I found out many things at the Gala but one new piece of information took the cake; 7 Cent have re-released Big 'n Beardy! It's got even bigger since the first release; now clocking in at 10.1%. At this point in time I thought it was still a bit too young, with a little alcohol burn detracting from the wonderful roast, chocolate and caramel flavours. I'd be keen to get my hands on a bottle and review towards the end of winter. The beer unlocked Imperial Czar (Level 6), the badge for drinking Russian Imperial Stouts.

Two badges that are almost a certainty to occur every year; St Patrick's Day (2017) & Happy St Patrick's Day from Guinness (2017) were unlocked by a Guinness Draught at P.J. O'Brien's on St. Patrick's Day - funnily enough. As it is every year, the first Guinness on St. Patrick's Day always tastes special. I'm sure all of you know what I'm talking about! There will be far more Guinness talk in my Porter vs Stout post which is nearing its completion.

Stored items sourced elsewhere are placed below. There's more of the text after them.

(* Let $P$ be a polyhedron (a polyhedral map of genus 0) and $T$ the truncation operation. Then $\mathrm{Aut}(P)=\mathrm{Aut}(T(P))$, in the sense that every automorphism of $T(P)$ is induced by an automorphism of $P$; in particular $|\mathrm{Aut}(T(P))|=|\mathrm{Aut}(P)|$.
   Context: A polyhedral map is a 3-connected graph embedded in a closed orientable surface such that every face is an open disc and the closures of any two faces have connected intersection; $\mathrm{Aut}(P)$ denotes its automorphism group. The truncation $T(P)$ of $P$ is the map obtained by "cutting off" every vertex: $T(P)$ has one vertex $(v,e)$ for every pair of a vertex $v$ and an incident edge $e$ of $P$; for each edge $e=vw$ of $P$ the vertices $(v,e)$ and $(w,e)$ are adjacent, and for each vertex $v$ the vertices $(v,e)$, $(v,e')$ are adjacent whenever $e,e'$ are consecutive in the rotation around $v$. Thus each vertex $v$ of degree $d$ is replaced by a face of size $d$ and each face of size $k$ of $P$ becomes a face of size $2k$. Every automorphism of $P$ induces an automorphism of $T(P)$ in the obvious way. *)

theory Defs
  imports Main
begin

text \<open>A map on a closed orientable surface is encoded by a finite set of darts D,
  a fixed-point-free involution alpha (the two darts of an edge) and a permutation
  sigma (rotation of darts around a vertex).  Every face of such a map is an
  open disc by construction.\<close>

definition orb :: "('d \<Rightarrow> 'd) \<Rightarrow> 'd \<Rightarrow> 'd set" where
  "orb f x = {(f ^^ n) x | n. True}"

definition vertex_of :: "('d \<Rightarrow> 'd) \<Rightarrow> 'd \<Rightarrow> 'd set" where
  "vertex_of \<sigma> d = orb \<sigma> d"

definition map_vertices :: "'d set \<Rightarrow> ('d \<Rightarrow> 'd) \<Rightarrow> 'd set set" where
  "map_vertices D \<sigma> = orb \<sigma> ` D"

definition map_edges :: "'d set \<Rightarrow> ('d \<Rightarrow> 'd) \<Rightarrow> 'd set set" where
  "map_edges D \<alpha> = (\<lambda>d. {d, \<alpha> d}) ` D"

definition map_faces :: "'d set \<Rightarrow> ('d \<Rightarrow> 'd) \<Rightarrow> ('d \<Rightarrow> 'd) \<Rightarrow> 'd set set" where
  "map_faces D \<alpha> \<sigma> = orb (\<sigma> \<circ> \<alpha>) ` D"

definition comb_map :: "'d set \<Rightarrow> ('d \<Rightarrow> 'd) \<Rightarrow> ('d \<Rightarrow> 'd) \<Rightarrow> bool" where
  "comb_map D \<alpha> \<sigma> \<longleftrightarrow>
     finite D \<and> D \<noteq> {} \<and> bij_betw \<alpha> D D \<and> bij_betw \<sigma> D D \<and>
     (\<forall>d\<in>D. \<alpha> d \<noteq> d \<and> \<alpha> (\<alpha> d) = d) \<and>
     (\<forall>d\<in>D. \<forall>d'\<in>D. (d, d') \<in> ({(x, \<alpha> x) | x. x \<in> D} \<union> {(x, \<sigma> x) | x. x \<in> D})\<^sup>*)"

definition genus0 :: "'d set \<Rightarrow> ('d \<Rightarrow> 'd) \<Rightarrow> ('d \<Rightarrow> 'd) \<Rightarrow> bool" where
  "genus0 D \<alpha> \<sigma> \<longleftrightarrow>
     int (card (map_vertices D \<sigma>)) - int (card (map_edges D \<alpha>))
       + int (card (map_faces D \<alpha> \<sigma>)) = 2"

definition map_adj :: "'d set \<Rightarrow> ('d \<Rightarrow> 'd) \<Rightarrow> ('d \<Rightarrow> 'd) \<Rightarrow> 'd set \<Rightarrow> 'd set \<Rightarrow> bool" where
  "map_adj D \<alpha> \<sigma> u w \<longleftrightarrow> (\<exists>d\<in>D. orb \<sigma> d = u \<and> orb \<sigma> (\<alpha> d) = w)"

definition simple_map :: "'d set \<Rightarrow> ('d \<Rightarrow> 'd) \<Rightarrow> ('d \<Rightarrow> 'd) \<Rightarrow> bool" where
  "simple_map D \<alpha> \<sigma> \<longleftrightarrow>
     (\<forall>d\<in>D. orb \<sigma> (\<alpha> d) \<noteq> orb \<sigma> d) \<and>
     (\<forall>d\<in>D. \<forall>d'\<in>D. orb \<sigma> d = orb \<sigma> d' \<and> orb \<sigma> (\<alpha> d) = orb \<sigma> (\<alpha> d') \<longrightarrow> d = d')"

definition graph_connected_on :: "'v set \<Rightarrow> ('v \<Rightarrow> 'v \<Rightarrow> bool) \<Rightarrow> bool" where
  "graph_connected_on W adj \<longleftrightarrow>
     (\<forall>u\<in>W. \<forall>w\<in>W. (u, w) \<in> {(x, y). x \<in> W \<and> y \<in> W \<and> adj x y}\<^sup>*)"

definition three_connected :: "'d set \<Rightarrow> ('d \<Rightarrow> 'd) \<Rightarrow> ('d \<Rightarrow> 'd) \<Rightarrow> bool" where
  "three_connected D \<alpha> \<sigma> \<longleftrightarrow>
     simple_map D \<alpha> \<sigma> \<and> card (map_vertices D \<sigma>) \<ge> 4 \<and>
     (\<forall>S \<subseteq> map_vertices D \<sigma>. card S < 3 \<longrightarrow>
        graph_connected_on (map_vertices D \<sigma> - S) (map_adj D \<alpha> \<sigma>))"

text \<open>Closure of a face f (a set of darts): its boundary vertices and edges.
  The intersection of two face closures is the subcomplex formed by the common
  vertices and common (closed) edges; it is connected iff the graph with these
  vertices and edges is connected (the empty set counts as connected).\<close>
definition face_closures_meet_connected :: "'d set \<Rightarrow> ('d \<Rightarrow> 'd) \<Rightarrow> ('d \<Rightarrow> 'd) \<Rightarrow> bool" where
  "face_closures_meet_connected D \<alpha> \<sigma> \<longleftrightarrow>
     (\<forall>f\<in>map_faces D \<alpha> \<sigma>. \<forall>g\<in>map_faces D \<alpha> \<sigma>. f \<noteq> g \<longrightarrow>
        graph_connected_on (orb \<sigma> ` f \<inter> orb \<sigma> ` g)
          (\<lambda>u w. \<exists>d\<in>D. {d, \<alpha> d} \<in> (\<lambda>x. {x, \<alpha> x}) ` f \<inter> (\<lambda>x. {x, \<alpha> x}) ` g \<and>
                        orb \<sigma> d = u \<and> orb \<sigma> (\<alpha> d) = w))"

Later that night, for some unknown reason, I decided it would be a good time to try my Guinness West Indies Porter. This happened to unlock a special Guinness badge, Who's Afraid of the Dark, for drinking two different Guinness beers during March. It's pretty similar to the regular Guinness, however it's a bit richer and a bit fuller bodied with a nice hint of licorice on the back end.

Moon Dog cop quite a bit of flack, most of it unjustified, for their beers and their propensity to explode from time to time... One from their core range that was launched early last year, Old Mate Pale Ale, unlocked Riding Steady (Level 37). It's quite bitter for a Pale Ale, but the hops provide wonderful flavours of citrus, pine and passionfruit - and is a beer that I'd quite happily session on.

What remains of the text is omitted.